Start of RECORDS SHOWN
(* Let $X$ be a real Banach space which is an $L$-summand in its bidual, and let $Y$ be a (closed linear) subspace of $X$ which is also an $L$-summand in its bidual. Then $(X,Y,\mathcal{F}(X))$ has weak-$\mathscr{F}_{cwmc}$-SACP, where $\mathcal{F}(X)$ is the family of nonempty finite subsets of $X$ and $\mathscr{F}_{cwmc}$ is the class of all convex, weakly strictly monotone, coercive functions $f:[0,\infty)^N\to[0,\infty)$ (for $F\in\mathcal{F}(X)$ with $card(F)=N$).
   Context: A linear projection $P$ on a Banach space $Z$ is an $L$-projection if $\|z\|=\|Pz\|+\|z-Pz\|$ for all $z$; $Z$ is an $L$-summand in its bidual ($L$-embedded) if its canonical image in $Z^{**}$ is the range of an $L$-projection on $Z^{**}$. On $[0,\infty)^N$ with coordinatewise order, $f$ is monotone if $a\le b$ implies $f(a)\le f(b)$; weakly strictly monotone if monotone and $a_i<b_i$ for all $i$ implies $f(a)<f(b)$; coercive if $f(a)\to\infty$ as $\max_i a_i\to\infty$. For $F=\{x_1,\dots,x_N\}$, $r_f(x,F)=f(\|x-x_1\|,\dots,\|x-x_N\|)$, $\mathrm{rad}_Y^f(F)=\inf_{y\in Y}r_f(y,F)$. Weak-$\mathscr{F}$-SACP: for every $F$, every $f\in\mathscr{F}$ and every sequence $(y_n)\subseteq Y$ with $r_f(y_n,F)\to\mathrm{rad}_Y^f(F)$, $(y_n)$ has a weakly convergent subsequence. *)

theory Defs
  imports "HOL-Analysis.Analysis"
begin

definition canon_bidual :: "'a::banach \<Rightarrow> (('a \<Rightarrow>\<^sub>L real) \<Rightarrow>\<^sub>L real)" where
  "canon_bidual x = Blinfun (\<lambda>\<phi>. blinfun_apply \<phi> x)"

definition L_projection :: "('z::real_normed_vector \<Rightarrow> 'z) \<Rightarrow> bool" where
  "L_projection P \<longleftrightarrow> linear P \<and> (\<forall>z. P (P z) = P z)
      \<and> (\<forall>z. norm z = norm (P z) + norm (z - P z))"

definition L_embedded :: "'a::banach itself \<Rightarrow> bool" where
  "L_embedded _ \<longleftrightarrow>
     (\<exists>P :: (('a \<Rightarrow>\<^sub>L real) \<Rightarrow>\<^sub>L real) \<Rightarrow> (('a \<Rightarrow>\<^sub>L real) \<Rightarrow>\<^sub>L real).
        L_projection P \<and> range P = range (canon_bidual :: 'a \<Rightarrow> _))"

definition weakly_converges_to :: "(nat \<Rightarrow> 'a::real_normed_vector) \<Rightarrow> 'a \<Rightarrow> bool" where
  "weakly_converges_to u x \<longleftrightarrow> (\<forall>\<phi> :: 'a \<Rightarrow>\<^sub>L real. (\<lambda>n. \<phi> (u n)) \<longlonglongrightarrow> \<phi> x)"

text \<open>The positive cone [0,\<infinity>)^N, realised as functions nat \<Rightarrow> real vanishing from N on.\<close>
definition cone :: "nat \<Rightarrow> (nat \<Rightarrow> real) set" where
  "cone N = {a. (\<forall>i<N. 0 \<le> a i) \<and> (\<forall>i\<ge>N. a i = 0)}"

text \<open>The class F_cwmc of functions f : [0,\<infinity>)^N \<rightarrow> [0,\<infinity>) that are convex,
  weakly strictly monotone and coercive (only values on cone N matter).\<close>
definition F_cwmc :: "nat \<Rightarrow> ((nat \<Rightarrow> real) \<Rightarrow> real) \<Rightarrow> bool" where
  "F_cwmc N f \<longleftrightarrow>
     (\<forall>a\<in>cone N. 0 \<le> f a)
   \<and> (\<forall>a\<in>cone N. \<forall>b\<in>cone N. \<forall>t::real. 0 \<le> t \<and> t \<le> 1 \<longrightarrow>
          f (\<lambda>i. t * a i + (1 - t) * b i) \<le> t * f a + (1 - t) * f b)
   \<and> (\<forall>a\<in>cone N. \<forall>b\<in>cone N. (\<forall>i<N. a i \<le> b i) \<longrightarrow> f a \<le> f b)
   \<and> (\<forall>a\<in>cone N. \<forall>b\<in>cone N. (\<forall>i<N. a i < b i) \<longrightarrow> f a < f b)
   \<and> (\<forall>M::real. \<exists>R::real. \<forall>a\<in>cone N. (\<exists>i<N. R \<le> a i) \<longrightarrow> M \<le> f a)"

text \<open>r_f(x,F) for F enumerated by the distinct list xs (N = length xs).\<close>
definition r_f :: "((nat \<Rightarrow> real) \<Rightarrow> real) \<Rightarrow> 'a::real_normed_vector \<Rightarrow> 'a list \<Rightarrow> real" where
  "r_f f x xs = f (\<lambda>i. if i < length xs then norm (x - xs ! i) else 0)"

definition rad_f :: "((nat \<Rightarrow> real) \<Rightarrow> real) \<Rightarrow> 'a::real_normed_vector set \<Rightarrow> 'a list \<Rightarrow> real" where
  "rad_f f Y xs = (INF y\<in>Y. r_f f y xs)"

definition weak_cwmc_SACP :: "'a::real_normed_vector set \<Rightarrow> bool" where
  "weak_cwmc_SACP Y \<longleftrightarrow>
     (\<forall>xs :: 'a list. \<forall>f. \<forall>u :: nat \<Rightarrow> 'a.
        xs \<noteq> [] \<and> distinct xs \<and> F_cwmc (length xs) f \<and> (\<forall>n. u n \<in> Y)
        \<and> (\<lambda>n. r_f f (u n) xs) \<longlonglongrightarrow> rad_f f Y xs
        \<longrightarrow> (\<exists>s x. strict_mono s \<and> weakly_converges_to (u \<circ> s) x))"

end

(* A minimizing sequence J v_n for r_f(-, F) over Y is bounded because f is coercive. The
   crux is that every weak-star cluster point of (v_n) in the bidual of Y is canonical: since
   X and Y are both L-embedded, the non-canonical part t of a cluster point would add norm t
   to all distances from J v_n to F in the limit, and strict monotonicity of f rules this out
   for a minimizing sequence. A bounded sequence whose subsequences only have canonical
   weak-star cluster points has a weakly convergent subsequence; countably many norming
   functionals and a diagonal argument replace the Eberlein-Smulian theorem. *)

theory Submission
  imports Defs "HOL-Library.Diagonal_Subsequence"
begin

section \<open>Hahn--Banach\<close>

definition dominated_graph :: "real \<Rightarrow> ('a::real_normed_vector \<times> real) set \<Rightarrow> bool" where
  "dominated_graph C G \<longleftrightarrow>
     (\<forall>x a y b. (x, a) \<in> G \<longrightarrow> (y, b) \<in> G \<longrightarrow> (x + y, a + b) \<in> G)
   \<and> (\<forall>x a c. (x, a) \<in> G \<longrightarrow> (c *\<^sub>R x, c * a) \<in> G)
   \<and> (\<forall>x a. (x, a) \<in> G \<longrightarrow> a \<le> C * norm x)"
End of RECORDS SHOWN
● **AIM OF THE EXERCISE**: Return the lines above, from the one containing "C G \<longleftrightarrow>" to the end, exactly as they stand.

● **RESULT OF THIS EXERCISE**:
  "dominated_graph C G \<longleftrightarrow>
     (\<forall>x a y b. (x, a) \<in> G \<longrightarrow> (y, b) \<in> G \<longrightarrow> (x + y, a + b) \<in> G)
   \<and> (\<forall>x a c. (x, a) \<in> G \<longrightarrow> (c *\<^sub>R x, c * a) \<in> G)
   \<and> (\<forall>x a. (x, a) \<in> G \<longrightarrow> a \<le> C * norm x)"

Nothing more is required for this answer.